(* Assume the standing assumptions and let $\rho,\kappa>0$. Then $\theta_{\rho,\kappa}$ has a unique minimizer $p_{DS}^*$ on $\mathbb{R}^m$, and if $p^*$ is any minimizer of $\theta$ on $\mathbb{R}^m$ (i.e. an optimal solution of $(D)$), then $$\|p_{DS}^*\|^2\le \|p^*\|^2+\frac{2\rho}{\kappa}D_f .$$ In particular, if $\|p^*\|\le R$ for some $R>0$, $D_f>0$, and $\rho=\frac{\epsilon}{3D_f}$, $\kappa=\frac{2\epsilon}{3R^2}$ for some $\epsilon>0$, then $\|p_{DS}^*\|\le\sqrt2\,R$.
   Context: Standing assumptions: $\mathcal{H}$ is a real Hilbert space; $f:\mathcal{H}\to\mathbb{R}\cup\{+\infty\}$ is proper, convex, lower semicontinuous with bounded effective domain; $g:\mathbb{R}^m\to\mathbb{R}\cup\{+\infty\}$ is proper, lower semicontinuous and $\mu$-strongly convex for some $\mu>0$; $A:\mathcal{H}\to\mathbb{R}^m$ is linear and continuous with $A(\operatorname{dom} f)\cap\operatorname{dom} g\neq\emptyset$. $D_f:=\sup\{\tfrac12\|x\|^2:x\in\operatorname{dom} f\}$. $\theta(p):=f^*(A^*p)+g^*(-p)$ (Fenchel conjugates, $A^*$ adjoint). For $\rho>0$, $f_\rho^*(q):=\sup_{x\in\mathcal{H}}\{\langle q,x\rangle-f(x)-\frac\rho2\|x\|^2\}$, $\theta_\rho(p):=f_\rho^*(A^*p)+g^*(-p)$ and $\theta_{\rho,\kappa}(p):=\theta_\rho(p)+\frac\kappa2\|p\|^2$. *)

theory Defs
  imports "HOL-Analysis.Analysis"
begin

text \<open>Extended-valued functions into \<real> \<union> {+\<infinity>} are modelled as functions into ereal;
  properness excludes the value -\<infinity>.\<close>

definition proper_fun :: "('a \<Rightarrow> ereal) \<Rightarrow> bool" where
  "proper_fun f \<longleftrightarrow> (\<forall>x. f x \<noteq> -\<infinity>) \<and> (\<exists>x. f x \<noteq> \<infinity>)"

definition edom :: "('a \<Rightarrow> ereal) \<Rightarrow> 'a set" where
  "edom f = {x. f x < \<infinity>}"

definition convex_efun :: "('a::real_vector \<Rightarrow> ereal) \<Rightarrow> bool" where
  "convex_efun f \<longleftrightarrow> (\<forall>x y t. 0 \<le> t \<and> t \<le> 1 \<longrightarrow>
     f (t *\<^sub>R x + (1 - t) *\<^sub>R y) \<le> ereal t * f x + ereal (1 - t) * f y)"

definition lsc_efun :: "('a::topological_space \<Rightarrow> ereal) \<Rightarrow> bool" where
  "lsc_efun f \<longleftrightarrow> (\<forall>x. f x \<le> Liminf (at x) f)"

definition strongly_convex_efun :: "real \<Rightarrow> ('a::real_normed_vector \<Rightarrow> ereal) \<Rightarrow> bool" where
  "strongly_convex_efun \<mu> g \<longleftrightarrow> convex_efun (\<lambda>x. g x - ereal (\<mu> / 2 * (norm x)\<^sup>2))"

definition fconj :: "('a::real_inner \<Rightarrow> ereal) \<Rightarrow> 'a \<Rightarrow> ereal" where
  "fconj f y = (SUP x. ereal (y \<bullet> x) - f x)"

definition Dconst :: "('a::real_normed_vector \<Rightarrow> ereal) \<Rightarrow> real" where
  "Dconst f = (SUP x\<in>edom f. (norm x)\<^sup>2 / 2)"

text \<open>f^*(A^* p) written out: \<langle>A^* p, x\<rangle> = \<langle>p, A x\<rangle>\<close>
definition theta :: "('a::real_inner \<Rightarrow> ereal) \<Rightarrow> ('b::real_inner \<Rightarrow> ereal) \<Rightarrow> ('a \<Rightarrow> 'b) \<Rightarrow> 'b \<Rightarrow> ereal" where
  "theta f g A p = (SUP x. ereal (p \<bullet> A x) - f x) + fconj g (- p)"

definition theta_rho :: "real \<Rightarrow> ('a::real_inner \<Rightarrow> ereal) \<Rightarrow> ('b::real_inner \<Rightarrow> ereal) \<Rightarrow> ('a \<Rightarrow> 'b) \<Rightarrow> 'b \<Rightarrow> ereal" where
  "theta_rho \<rho> f g A p = (SUP x. ereal (p \<bullet> A x) - f x - ereal (\<rho> / 2 * (norm x)\<^sup>2)) + fconj g (- p)"

definition theta_rho_kappa :: "real \<Rightarrow> real \<Rightarrow> ('a::real_inner \<Rightarrow> ereal) \<Rightarrow> ('b::real_inner \<Rightarrow> ereal) \<Rightarrow> ('a \<Rightarrow> 'b) \<Rightarrow> 'b \<Rightarrow> ereal" where
  "theta_rho_kappa \<rho> \<kappa> f g A p = theta_rho \<rho> f g A p + ereal (\<kappa> / 2 * (norm p)\<^sup>2)"

definition is_minimizer :: "('b \<Rightarrow> ereal) \<Rightarrow> 'b \<Rightarrow> bool" where
  "is_minimizer h p \<longleftrightarrow> (\<forall>q. h p \<le> h q)"

end

theory Submission
  imports Defs
begin

text \<open>
  The regularized dual objective
  \<open>\<theta>\<^sub>\<rho>\<^sub>,\<^sub>\<kappa>(p) = f\<^sub>\<rho>\<^sup>*(A\<^sup>* p) + g\<^sup>*(-p) + \<kappa>/2 \<parallel>p\<parallel>\<^sup>2\<close> is a supremum, over pairs
  \<open>(x, y) \<in> dom f \<times> dom g\<close>, of the affine functions \<open>p \<mapsto> \<langle>p, A x - y\<rangle> - f x - \<rho>/2 \<parallel>x\<parallel>\<^sup>2 - g y\<close>,
  plus \<open>\<kappa>/2 \<parallel>p\<parallel>\<^sup>2\<close>.  Any such regularized supremum of affine functions on a Euclidean
  space that is finite somewhere has exactly one minimizer: minimizing sequences are bounded
  by the quadratic term, sublevel sets are closed, and the quadratic term makes the function
  strictly convex.  Finiteness at \<open>p = 0\<close> needs \<open>f\<close> and \<open>g\<close> to be bounded below; this is
  where completeness enters: nested nonempty closed convex bounded sets in a Hilbert space have
  a common point, which gives lower bounds for convex lsc functions with bounded domain and,
  together with strong convexity, for \<open>g\<close>.
  Finally \<open>\<theta>\<^sub>\<rho> \<le> \<theta> \<le> \<theta>\<^sub>\<rho> + \<rho> D\<^sub>f\<close>, and comparing the optimality of \<open>p\<^sup>*\<close> for \<open>\<theta>\<close> with that of
  \<open>p\<^sub>D\<^sub>S\<close> for \<open>\<theta>\<^sub>\<rho>\<^sub>,\<^sub>\<kappa>\<close> gives \<open>\<kappa>/2 \<parallel>p\<^sub>D\<^sub>S\<parallel>\<^sup>2 \<le> \<kappa>/2 \<parallel>p\<^sup>*\<parallel>\<^sup>2 + \<rho> D\<^sub>f\<close>.
\<close>

lemma norm_diff_midpoint:
  fixes x y :: "'a::real_inner"
  shows "(norm (x - y))\<^sup>2 = 2 * (norm x)\<^sup>2 + 2 * (norm y)\<^sup>2 - 4 * (norm (midpoint x y))\<^sup>2"
  unfolding midpoint_def power2_norm_eq_inner
  by (simp add: inner_add_left inner_add_right inner_diff_left inner_diff_right inner_commute
      algebra_simps)

lemma almost_minimal_norm:
  fixes S :: "'a::real_normed_vector set"
  assumes ne: "S \<noteq> {}" and eps: "0 < \<epsilon>"
  shows "\<exists>x\<in>S. (norm x)\<^sup>2 \<le> (Inf (norm ` S))\<^sup>2 + \<epsilon>"
proof -
  have "0 \<le> Inf (norm ` S)" using ne by (intro cInf_greatest) auto
  then have "Inf (norm ` S) < sqrt ((Inf (norm ` S))\<^sup>2 + \<epsilon>)"
    using eps by (intro real_less_rsqrt) auto
  then obtain x where x: "x \<in> S" "norm x < sqrt ((Inf (norm ` S))\<^sup>2 + \<epsilon>)"
    using cInf_lessD[of "norm ` S"] ne by auto
  then have "(norm x)\<^sup>2 < (sqrt ((Inf (norm ` S))\<^sup>2 + \<epsilon>))\<^sup>2"
    by (intro power_strict_mono) auto
  with eps have "(norm x)\<^sup>2 < (Inf (norm ` S))\<^sup>2 + \<epsilon>" by simp
  with x show ?thesis by (auto intro: less_imp_le)
qed

lemma Cauchy_if_sq_dist_le:
  fixes x :: "nat \<Rightarrow> 'a::real_normed_vector"
  assumes close: "\<And>n m. n \<le> m \<Longrightarrow> (norm (x n - x m))\<^sup>2 \<le> e n" and lim: "e \<longlonglongrightarrow> 0"
  shows "Cauchy x"
proof (rule CauchyI)
  fix r :: real assume r: "0 < r"
  from lim have "\<forall>\<^sub>F n in sequentially. e n < r\<^sup>2" using r by (auto simp: order_tendsto_iff)
  then obtain M where M: "\<And>n. n \<ge> M \<Longrightarrow> e n < r\<^sup>2" by (auto simp: eventually_sequentially)
  have "norm (x m - x n) < r" if "m \<ge> M" "n \<ge> M" for m n
  proof -
    have "(norm (x m - x n))\<^sup>2 < r\<^sup>2"
    proof (cases "m \<le> n")
      case True
      then show ?thesis using close[of m n] M[of m] that by linarith
    next
      case False
      then show ?thesis using close[of n m] M[of n] that by (simp add: norm_minus_commute)
    qed
    thus ?thesis using r by (simp add: power_less_imp_less_base)
  qed
  thus "\<exists>M. \<forall>m\<ge>M. \<forall>n\<ge>M. norm (x m - x n) < r" by blast
qed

**********

ASSIGNMENT: Using the records above, filter out every line that lacks the string "fixes" and copy the rest.

RESPONSE TO THIS EXERCISE:
  fixes x y :: "'a::real_inner"
  fixes S :: "'a::real_normed_vector set"
  fixes x :: "nat \<Rightarrow> 'a::real_normed_vector"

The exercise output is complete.